_Information provided_.
lemma four_word_frequency_error_long:
  assumes m: "m = occurrences [True, False] xs" and w: "length w = 4" and T: "7 \<le> length xs"
  shows "\<bar>nu xs w - (fst (affine_form w) + (\<Sum>i<8. snd (affine_form w) ! i * params xs m ! i))\<bar>
    \<le> 34 / (real (length xs) - 3)"
proof -
  let ?T = "real (length xs)" and ?\<alpha> = "fst (affine_form w)" and ?\<beta> = "\<lambda>i. snd (affine_form w) ! i"
  define C where "C u = real (occurrences u xs)" for u
  define s where "s = ?T - 3"
  have s: "0 < s" "?T = s + 3"
    using T by (auto simp: s_def)
  have "\<bar>C w - (?\<alpha> * ?T + (\<Sum>i<8. ?\<beta> i * C (basis_words ! i)))\<bar> \<le> 10"
    using w by (intro affine_form_approximates) (auto simp: C_def approx_consistent_occurrences)
  then have "\<bar>(C w - (?\<alpha> * ?T + (\<Sum>i<8. ?\<beta> i * C (basis_words ! i)))) / s\<bar> \<le> 10 / s"
    using s(1) by (simp add: abs_divide divide_right_mono)
  then have "\<bar>C w / s - (?\<alpha> * ?T / s + (\<Sum>i<8. ?\<beta> i * (C (basis_words ! i) / s)))\<bar> \<le> 10 / s"
    by (simp add: diff_divide_distrib add_divide_distrib sum_divide_distrib)
  then have "\<bar>C w / s - (?\<alpha> + (\<Sum>i<8. ?\<beta> i * params xs m ! i))\<bar>
      \<le> 10 / s + \<bar>?\<alpha> * ?T / s - ?\<alpha>\<bar> + 3 / s * (\<Sum>i<8. \<bar>?\<beta> i\<bar>)"
    by (rule abs_diff_affine_perturb)
      (use params_near_count_ratio[OF m] T in \<open>auto simp: C_def s_def\<close>)
  also have "\<bar>?\<alpha> * ?T / s - ?\<alpha>\<bar> = 3 * \<bar>?\<alpha>\<bar> / s"
    using s by (simp add: field_simps abs_divide abs_mult)
  also have "10 / s + 3 * \<bar>?\<alpha>\<bar> / s + 3 / s * (\<Sum>i<8. \<bar>?\<beta> i\<bar>)
      = (10 + 3 * \<bar>?\<alpha>\<bar> + 3 * (\<Sum>i<8. \<bar>?\<beta> i\<bar>)) / s"
    by (simp add: add_divide_distrib)
  also have "\<dots> \<le> 34 / s"
    using affine_form_abs_bounds[OF w] s(1) by (intro divide_right_mono) auto
  finally show ?thesis
    using T w by (simp add: nu_eq_occurrences C_def s_def)
qed

lemma four_word_frequency_error_short:
  assumes m: "m = occurrences [True, False] xs" and w: "length w = 4"
  shows "\<bar>nu xs w - (fst (affine_form w) + (\<Sum>i<8. snd (affine_form w) ! i * params xs m ! i))\<bar>
    \<le> 9"
proof -
  let ?\<alpha> = "fst (affine_form w)" and ?\<beta> = "\<lambda>i. snd (affine_form w) ! i"
  have "\<bar>nu xs w - (0 + (\<Sum>i<8. ?\<beta> i * 0))\<bar> \<le> 1"
    using nu_nonneg_le_1[of xs w] by simp
  then have "\<bar>nu xs w - (?\<alpha> + (\<Sum>i<8. ?\<beta> i * params xs m ! i))\<bar>
      \<le> 1 + \<bar>0 - ?\<alpha>\<bar> + 1 * (\<Sum>i<8. \<bar>?\<beta> i\<bar>)"
    by (rule abs_diff_affine_perturb) (simp add: params_abs_le_1[OF m])
  then show ?thesis
    using affine_form_abs_bounds[OF w] by simp
qed

text \<open>For T \<ge> 7 we have T - 3 \<ge> (T + 1) / 2, and 68 / (T + 1) \<ge> 9 otherwise.\<close>
lemma four_word_frequency_error:
  assumes "m = occurrences [True, False] xs" and "length w = 4"
  shows "\<bar>nu xs w - (fst (affine_form w) + (\<Sum>i<8. snd (affine_form w) ! i * params xs m ! i))\<bar>
    \<le> 68 / real (Suc (length xs))"
proof (cases "7 \<le> length xs")
  case True
  then have "0 < real (length xs) - 3"
    by simp
  then have "34 / (real (length xs) - 3) \<le> 68 / real (Suc (length xs))"
    using True by (simp add: divide_simps)
  with four_word_frequency_error_long[OF assms True] show ?thesis
    by linarith
next
  case False
  then have "9 \<le> 68 / real (Suc (length xs))"
    by (simp add: field_simps)
  with four_word_frequency_error_short[OF assms] show ?thesis
    by linarith
qed

theorem proposition3p3:
  shows "\<exists>(a :: bool list \<Rightarrow> real) (b :: bool list \<Rightarrow> nat \<Rightarrow> real) (\<epsilon> :: nat \<Rightarrow> real).
     \<epsilon> \<longlonglongrightarrow> 0 \<and>
     (\<forall>m L G xs. (\<forall>i<m. 1 \<le> L i \<and> 1 \<le> G i) \<longrightarrow> xs = block_seq m L G \<longrightarrow>
        (\<forall>w. length w = 4 \<longrightarrow>
           \<bar>nu xs w - (a w + (\<Sum>i<8. b w i * params xs m ! i))\<bar> \<le> \<epsilon> (length xs)))"
proof (intro exI[of _ "\<lambda>w. fst (affine_form w)"] exI[of _ "\<lambda>w i. snd (affine_form w) ! i"]
    exI[of _ "\<lambda>n. 68 / real (Suc n)"] conjI allI impI)
  show "(\<lambda>n. 68 / real (Suc n)) \<longlonglongrightarrow> 0"
    using LIMSEQ_Suc[OF lim_const_over_n] .
next
  fix m L G xs and w :: "bool list"
  assume "\<forall>i<m. 1 \<le> L i \<and> 1 \<le> G i" "xs = block_seq m L G" "length w = 4"
  then show "\<bar>nu xs w - (fst (affine_form w) + (\<Sum>i<8. snd (affine_form w) ! i * params xs m ! i))\<bar>
      \<le> 68 / real (Suc (length xs))"
    by (intro four_word_frequency_error) (simp_all add: occurrences_10_block_seq)
qed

_Task brief_. Among the entries, how many lines carry "assumes"? Reply with a number and nothing else.

_Result_. 3